**Description of the task:**
After locating the line that contains "unfolding Sall_def by (rule" in the data below, set down exactly that line and each one after it through the line that contains "obtains p q", and nothing more.

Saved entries
>>>

definition in_dclos :: "nat \<Rightarrow> dcell \<Rightarrow> dcell \<Rightarrow> bool" where
  "in_dclos n e' e = (e' = e \<or> (e = Bt \<and> valid_dcell n e') \<or>
     (\<exists>i j. (e = Mn i \<or> e = Pl i) \<and> (e' = Mn j \<or> e' = Pl j) \<and> j < i))"

text \<open>Product cells of (D^n)^k: lists of length k; coordinate i (1-based) is entry i-1.\<close>
definition pcells :: "nat \<Rightarrow> nat \<Rightarrow> dcell list set" where
  "pcells k n = {c. length c = k \<and> (\<forall>e\<in>set c. valid_dcell n e)}"

definition pdim :: "nat \<Rightarrow> dcell list \<Rightarrow> nat" where
  "pdim n c = sum_list (map (ddim n) c)"

definition supp :: "dcell list \<Rightarrow> nat set" where
  "supp c = {i. 1 \<le> i \<and> i \<le> length c \<and> c ! (i - 1) = Bt}"

definition simplicial_complex :: "nat \<Rightarrow> nat set set \<Rightarrow> bool" where
  "simplicial_complex k L = ((\<forall>\<sigma>\<in>L. \<sigma> \<subseteq> {1..k}) \<and> (\<forall>\<sigma>\<in>L. \<forall>\<tau>. \<tau> \<subseteq> \<sigma> \<longrightarrow> \<tau> \<in> L))"

text \<open>Cells of the polyhedral product Z_L(D^n, S^{n-1}) for L on [k].\<close>
definition ZL :: "nat set set \<Rightarrow> nat \<Rightarrow> nat \<Rightarrow> dcell list set" where
  "ZL L k n = {c \<in> pcells k n. supp c \<in> L}"

definition GL :: "nat set set \<Rightarrow> nat \<Rightarrow> nat \<Rightarrow> (dcell list \<times> dcell list) set" where
  "GL L k n = {(c, c'). c \<in> ZL L k n \<and> c' \<in> ZL L k n \<and> list_all2 (in_dclos n) c' c
                 \<and> pdim n c' + 1 = pdim n c}"

definition Mbase :: "nat \<Rightarrow> (dcell \<times> dcell) set" where
  "Mbase n = {(Mn (i + 1), Pl i) | i. i + 2 \<le> n} \<union> {(Bt, Pl (n - 1))}"
(* For every $x\in\mathbb T^3\setminus\mathfrak I$, the Lebesgue measure of $\mathcal S(x)$ is strictly positive.
   Context: $\mathbb{T}^3=\mathbb{R}^3/\mathbb{Z}^3$; $\omega(k)=\omega_0+\sum_{j=1}^3 2(1-\cos(2\pi k^j))$ with fixed $2<\omega_0<3$. Two wave vectors $x,y\in\mathbb{T}^3$ are connected by one collision if $\omega(y)=\omega(x)+\omega(y-x)$, or $\omega(x)=\omega(y)+\omega(x-y)$, or $\omega(x+y)=\omega(x)+\omega(y)$. The no-collision region $\mathfrak I$ is the set of $x\in\mathbb T^3$ such that no $y\in\mathbb T^3$ is connected to $x$ by one collision. For $x\in\mathbb T^3\setminus\mathfrak I$: $\mathcal S^1(x)$ is the set of $y$ connected to $x$ by one collision, $\mathcal S^n(x)=\bigcup_{z\in\mathcal S^{n-1}(x)}\mathcal S^1(z)$ for $n\ge2$, and $\mathcal S(x)=\bigcup_{n\ge1}\mathcal S^n(x)$. *)

theory Defs
  imports "HOL-Analysis.Analysis"
begin

text \<open>The torus T^3 = R^3/Z^3 is represented by its fundamental domain [0,1)^3 in real^3,
  with group operations taken componentwise modulo 1 (via frac).\<close>

definition torus3 :: "(real^3) set" where
  "torus3 = {x. \<forall>i. 0 \<le> x$i \<and> x$i < 1}"

definition tadd :: "real^3 \<Rightarrow> real^3 \<Rightarrow> real^3" where
  "tadd x y = (\<chi> i. frac (x$i + y$i))"

definition tsub :: "real^3 \<Rightarrow> real^3 \<Rightarrow> real^3" where
  "tsub x y = (\<chi> i. frac (x$i - y$i))"

definition disp :: "real \<Rightarrow> real^3 \<Rightarrow> real" where
  "disp \<omega>0 k = \<omega>0 + (\<Sum>j\<in>UNIV. 2 * (1 - cos (2 * pi * k$j)))"

definition collides :: "real \<Rightarrow> real^3 \<Rightarrow> real^3 \<Rightarrow> bool" where
  "collides \<omega>0 x y \<longleftrightarrow>
     disp \<omega>0 y = disp \<omega>0 x + disp \<omega>0 (tsub y x) \<or>
     disp \<omega>0 x = disp \<omega>0 y + disp \<omega>0 (tsub x y) \<or>
     disp \<omega>0 (tadd x y) = disp \<omega>0 x + disp \<omega>0 y"

definition nocoll :: "real \<Rightarrow> (real^3) set" where
  "nocoll \<omega>0 = {x \<in> torus3. \<not> (\<exists>y\<in>torus3. collides \<omega>0 x y)}"

text \<open>S^1(x), S^n(x) (for n \<ge> 1; index n here means S^n), and S(x).\<close>
definition S1 :: "real \<Rightarrow> real^3 \<Rightarrow> (real^3) set" where
  "S1 \<omega>0 x = {y \<in> torus3. collides \<omega>0 x y}"

fun Sn :: "real \<Rightarrow> nat \<Rightarrow> real^3 \<Rightarrow> (real^3) set" where
  "Sn \<omega>0 0 x = {}"
| "Sn \<omega>0 (Suc 0) x = S1 \<omega>0 x"
| "Sn \<omega>0 (Suc (Suc n)) x = (\<Union>z\<in>Sn \<omega>0 (Suc n) x. S1 \<omega>0 z)"

definition Sall :: "real \<Rightarrow> real^3 \<Rightarrow> (real^3) set" where
  "Sall \<omega>0 x = (\<Union>n\<in>{1..}. Sn \<omega>0 n x)"

end

theory Submission
  imports Defs
begin

(*
  Every collision relation is a zero of the resonance function
  omega(p + q) - omega(p) - omega(q) = 2 * (sum_j gap(p_j, q_j)) - omega0,
  where gap(s, t) = cos 2 pi s + cos 2 pi t - cos 2 pi (s + t) - 1 <= gap_max(s) for s in [0, 1).
  Any x outside the no-collision region yields a resonant pair p, q in S(x); if both
  gap_max_sum p and gap_max_sum q were at most omega0/2, all coordinate bounds would be sharp,
  which quantises gap_max_sum p to a multiple of 1/2 and contradicts 1 < omega0/2 < 3/2.
  So some P in S(x) has gap_max_sum P > omega0/2. Then the resonance surface of P contains a
  curve parametrised by its first coordinate, and two points of that curve whose resonance
  against a suitable z0 has opposite signs. By the intermediate value theorem, every z in the
  open neighbourhood of z0 where this sign change persists is a second collision partner of
  some point of the curve. Hence S(x) contains a nonempty open set; it is measurable because
  each S^n(x) is sigma-compact.
*)

section \<open>Reduction modulo the lattice and the resonance function\<close>

definition tproj :: "real^3 \<Rightarrow> real^3" where
  "tproj v = (\<chi> i. frac (v$i))"

lemma tproj_in_torus3: "tproj v \<in> torus3"
  by (auto simp: tproj_def torus3_def frac_lt_1)

lemma tadd_eq_tproj: "tadd p q = tproj (p + q)"
  by (simp add: tadd_def tproj_def)

lemma tsub_eq_tproj: "tsub p q = tproj (p - q)"
  by (simp add: tsub_def tproj_def)

lemma tproj_minus_Ints: "tproj v $ i - v $ i \<in> \<int>"
  by (simp add: tproj_def frac_def)

lemma disp_eq_if_diff_Ints:
  assumes "\<And>i. u$i - v$i \<in> \<int>"
  shows "disp w u = disp w v"
  unfolding disp_def
proof (intro arg_cong[where f="\<lambda>s. w + s"] sum.cong refl)
  fix j :: 3
  from assms[of j] obtain n :: int where "u$j - v$j = of_int n"
    by (rule Ints_cases)
  then have "2 * pi * u$j = 2 * pi * v$j + 2 * pi * of_int n"
    by (simp add: algebra_simps)
  then show "2 * (1 - cos (2 * pi * u $ j)) = 2 * (1 - cos (2 * pi * v $ j))"
    by (simp add: cos_add)
qed

lemma disp_tproj: "disp w (tproj v) = disp w v"
  by (rule disp_eq_if_diff_Ints) (rule tproj_minus_Ints)

definition resonance :: "real \<Rightarrow> real^3 \<Rightarrow> real^3 \<Rightarrow> real" where
  "resonance w p q = disp w (p + q) - disp w p - disp w q"

lemma resonance_tproj_left: "resonance w (tproj u) v = resonance w u v"
proof -
  have "disp w (tproj u + v) = disp w (u + v)"
    by (rule disp_eq_if_diff_Ints) (use tproj_minus_Ints in simp)
  then show ?thesis by (simp add: resonance_def disp_tproj)
qed

lemma resonance_commute: "resonance w p q = resonance w q p"
  by (simp add: resonance_def add.commute)

lemma resonance_tproj_right: "resonance w u (tproj v) = resonance w u v"
  by (simp add: resonance_commute[of w u] resonance_tproj_left)

lemma collides_iff_resonance:
  "collides w x y \<longleftrightarrow>
     resonance w x (y - x) = 0 \<or> resonance w y (x - y) = 0 \<or> resonance w x y = 0"
  by (auto simp: collides_def resonance_def tadd_eq_tproj tsub_eq_tproj disp_tproj)

lemma collides_if_resonance: "resonance w x y = 0 \<Longrightarrow> collides w x y"
  by (simp add: collides_iff_resonance)

lemma collides_commute: "collides w x y \<Longrightarrow> collides w y x"
  unfolding collides_iff_resonance by (metis resonance_commute)

lemma Sall_step:
  assumes "p \<in> Sall w x" "q \<in> torus3" "collides w p q"
  shows "q \<in> Sall w x"
proof -
  obtain n where "n \<ge> 1" "p \<in> Sn w n x"
    using assms(1) by (auto simp: Sall_def)
  then obtain m where "p \<in> Sn w (Suc m) x"
    by (cases n) auto
  then have "q \<in> Sn w (Suc (Suc m)) x"
    using assms(2,3) by (auto simp: S1_def)
  then show ?thesis
    unfolding Sall_def by (intro UN_I[of "Suc (Suc m)"]) auto
qed

lemma Sall_first_step: "q \<in> torus3 \<Longrightarrow> collides w x q \<Longrightarrow> q \<in> Sall w x"
  unfolding Sall_def by (rule UN_I[of 1]) (auto simp: S1_def)

lemma resonant_pair_in_Sall:
  assumes x: "x \<in> torus3" and "x \<notin> nocoll w"
  obtains p q where "p \<in> torus3" "q \<in> torus3" "p \<in> Sall w x" "q \<in> Sall w x"
    "resonance w p q = 0"
proof -
  note result = that
  obtain y where y: "y \<in> torus3" "collides w x y"
    using assms by (auto simp: nocoll_def)
  have yS: "y \<in> Sall w x"
    using Sall_first_step y by blast
  have xS: "x \<in> Sall w x"
    using Sall_step[OF yS x collides_commute[OF y(2)]] .
  have pair: thesis if p: "p \<in> torus3" "p \<in> Sall w x" and "resonance w p v = 0" for p v
  proof -
    have "resonance w p (tproj v) = 0"
      using that(3) by (simp add: resonance_tproj_right)
    moreover have "tproj v \<in> Sall w x"
      using Sall_step[OF p(2) tproj_in_torus3 collides_if_resonance] calculation .
    ultimately show thesis
      using result[OF p(1) tproj_in_torus3 p(2)] by blast
  qed
  from y(2) consider "resonance w x (y - x) = 0" | "resonance w y (x - y) = 0" | "resonance w x y = 0"
    unfolding collides_iff_resonance by blast
  then show thesis
  proof cases
    case 1
    then show thesis by (rule pair[OF x xS])
  next
    case 2
    then show thesis by (rule pair[OF y(1) yS])
  next
    case 3
    then show thesis by (rule result[OF x y(1) xS yS])
  qed
qed

section \<open>Measurability of the collision orbit\<close>

definition sigma_compact :: "'a::topological_space set \<Rightarrow> bool" where
  "sigma_compact S \<longleftrightarrow> (\<exists>A. countable A \<and> (\<forall>K\<in>A. compact K) \<and> S = \<Union>A)"

lemma sigma_compact_compact: "compact K \<Longrightarrow> sigma_compact K"
  unfolding sigma_compact_def by (intro exI[of _ "{K}"]) auto

lemma sigma_compact_imp_borel:
  fixes S :: "'a::t2_space set"
  assumes "sigma_compact S" shows "S \<in> sets borel"
proof -
  obtain A where A: "countable A" "\<forall>K\<in>A. compact K" "S = \<Union>A"
    using assms by (auto simp: sigma_compact_def)
  then have "A \<subseteq> sets borel"
    by (auto intro: borel_closed compact_imp_closed)
  then show ?thesis
    using A(1,3) sets.countable_Union by metis
qed

lemma sigma_compact_UN:
  assumes "countable I" and "\<And>i. i \<in> I \<Longrightarrow> sigma_compact (F i)"
  shows "sigma_compact (\<Union>i\<in>I. F i)"
proof -
  have "\<forall>i\<in>I. \<exists>A. countable A \<and> (\<forall>K\<in>A. compact K) \<and> F i = \<Union>A"
    using assms(2) by (auto simp: sigma_compact_def)
  then obtain A
    where A: "\<And>i. i \<in> I \<Longrightarrow> countable (A i) \<and> (\<forall>K\<in>A i. compact K) \<and> F i = \<Union>(A i)"
    by metis
  show ?thesis
    unfolding sigma_compact_def by (rule exI[of _ "\<Union>i\<in>I. A i"]) (use A assms(1) in auto)
qed

lemma sigma_compact_snd_image:
  fixes R :: "('a::t2_space \<times> 'b::t2_space) set"
  assumes "sigma_compact A" "sigma_compact B" "closed R"
  shows "sigma_compact (snd ` ((A \<times> B) \<inter> R))"
proof -
  obtain KA KB where KA: "countable KA" "\<forall>K\<in>KA. compact K" "A = \<Union>KA"
    and KB: "countable KB" "\<forall>K\<in>KB. compact K" "B = \<Union>KB"
    using assms(1,2) unfolding sigma_compact_def by metis
  have "snd ` ((A \<times> B) \<inter> R) = (\<Union>KL\<in>KA \<times> KB. snd ` ((fst KL \<times> snd KL) \<inter> R))"
    using KA(3) KB(3) by force
  also have "sigma_compact \<dots>"
    using KA(1,2) KB(1,2) assms(3)
    by (intro sigma_compact_UN sigma_compact_compact compact_continuous_image continuous_intros
        compact_Int_closed compact_Times) auto
  finally show ?thesis .
qed

lemma sigma_compact_torus3: "sigma_compact torus3"
proof -
  define C :: "nat \<Rightarrow> (real^3) set"
    where "C k = cbox 0 (\<chi> i. 1 - inverse (real (Suc k)))" for k
  have "x \<in> (\<Union>k. C k)" if x: "x \<in> torus3" for x
  proof -
    define m where "m = Max (range (\<lambda>i. x$i))"
    have "m \<in> range (\<lambda>i. x$i)" and le_m: "\<And>i. x$i \<le> m"
      unfolding m_def by (simp_all add: Max_in)
    then have "m < 1"
      using x by (auto simp: torus3_def)
    then obtain k where k: "inverse (real (Suc k)) < 1 - m"
      using reals_Archimedean[of "1 - m"] by auto
    have "0 \<le> x$i \<and> x$i \<le> 1 - inverse (real (Suc k))" for i
      using x le_m[of i] k by (auto simp: torus3_def)
    then have "x \<in> C k"
      by (simp add: C_def mem_box_cart)
    then show ?thesis
      by blast
  qed
  moreover have "C k \<subseteq> torus3" for k
  proof
    fix x assume "x \<in> C k"
    then have "0 \<le> x$i \<and> x$i \<le> 1 - inverse (real (Suc k))" for i
      by (simp add: C_def mem_box_cart)
    moreover have "0 < inverse (real (Suc k))"
      by simp
    ultimately show "x \<in> torus3"
      unfolding torus3_def by (smt (verit) mem_Collect_eq)
  qed
  ultimately have "torus3 = (\<Union>k. C k)"
    by blast
  also have "sigma_compact \<dots>"
    by (intro sigma_compact_UN sigma_compact_compact) (simp_all add: C_def)
  finally show ?thesis .
qed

<<<

**Response:**
  unfolding Sall_def by (rule UN_I[of 1]) (auto simp: S1_def)

lemma resonant_pair_in_Sall:
  assumes x: "x \<in> torus3" and "x \<notin> nocoll w"
  obtains p q where "p \<in> torus3" "q \<in> torus3" "p \<in> Sall w x" "q \<in> Sall w x"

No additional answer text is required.